(Given entries begins)

lemma clifford_perm_op:
  assumes inv: "\<And>c. \<pi> (\<pi> c) = c" and bound: "\<And>c. c < 2^n \<Longrightarrow> \<pi> c < 2^n"
    and conj: "\<And>x z. x < 2^n \<Longrightarrow> z < 2^n \<Longrightarrow> \<exists>x' z'. x' < 2^n \<and> z' < 2^n \<and>
          (\<forall>r c. pauli x z (\<pi> r) (\<pi> c) = pauli x' z' r c)"
  shows "clifford n (perm_op \<pi>)"
proof (rule cliffordI)
  have conj_apply: "mmul n (mmul n (perm_op \<pi>) P) (adj (perm_op \<pi>)) r c = P (\<pi> r) (\<pi> c)"
    if "r < 2^n" "c < 2^n" for P r c
    unfolding adj_perm_op[OF inv]
    by (simp add: mmul_perm_op_right[OF that(2) bound] mmul_perm_op_left[OF inv bound that(1)])
  have "mmul n (perm_op \<pi>) (perm_op \<pi>) r c = ident r c" if "r < 2^n" for r c
  proof -
    have "mmul n (perm_op \<pi>) (perm_op \<pi>) r c = perm_op \<pi> (\<pi> r) c"
      by (rule mmul_perm_op_left[OF inv bound that])
    also have "\<dots> = ident r c"
      unfolding perm_op_def ident_def by (metis inv)
    finally show ?thesis .
  qed
  then show "unitary_op n (perm_op \<pi>)"
    unfolding unitary_op_def adj_perm_op[OF inv] op_eq_def by simp
  fix x z :: nat assume "x < 2^n" "z < 2^n"
  then obtain x' z' where "x' < 2^n" "z' < 2^n" "\<forall>r c. pauli x z (\<pi> r) (\<pi> c) = pauli x' z' r c"
    using conj by blast
  then show "\<exists>ph x' z'. x' < 2^n \<and> z' < 2^n \<and>
      op_eq n (mmul n (mmul n (perm_op \<pi>) (pauli x z)) (adj (perm_op \<pi>))) (scaled_pauli ph x' z')"
    by (intro exI[of _ 1] exI[of _ x'] exI[of _ z']) (simp add: op_eq_def conj_apply scaled_pauli_def)
qed

text \<open>Conjugation by the CNOT gate with control \<open>i\<close> and target \<open>l\<close> maps \<open>X\<^sup>x Z\<^sup>z\<close> to
  \<open>X\<^sup>x' Z\<^sup>z'\<close> with \<open>x' = cnot_perm i l x\<close> and \<open>z' = cnot_zmask i l z\<close>.\<close>

definition cnot_perm :: "nat \<Rightarrow> nat \<Rightarrow> nat \<Rightarrow> nat" where
  "cnot_perm i l c = (if bit c i then xor c (2^l) else c)"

(Given entries ends)

What is the number of lines above that contain "open"? Answer with that number only.

◆ Solution:
2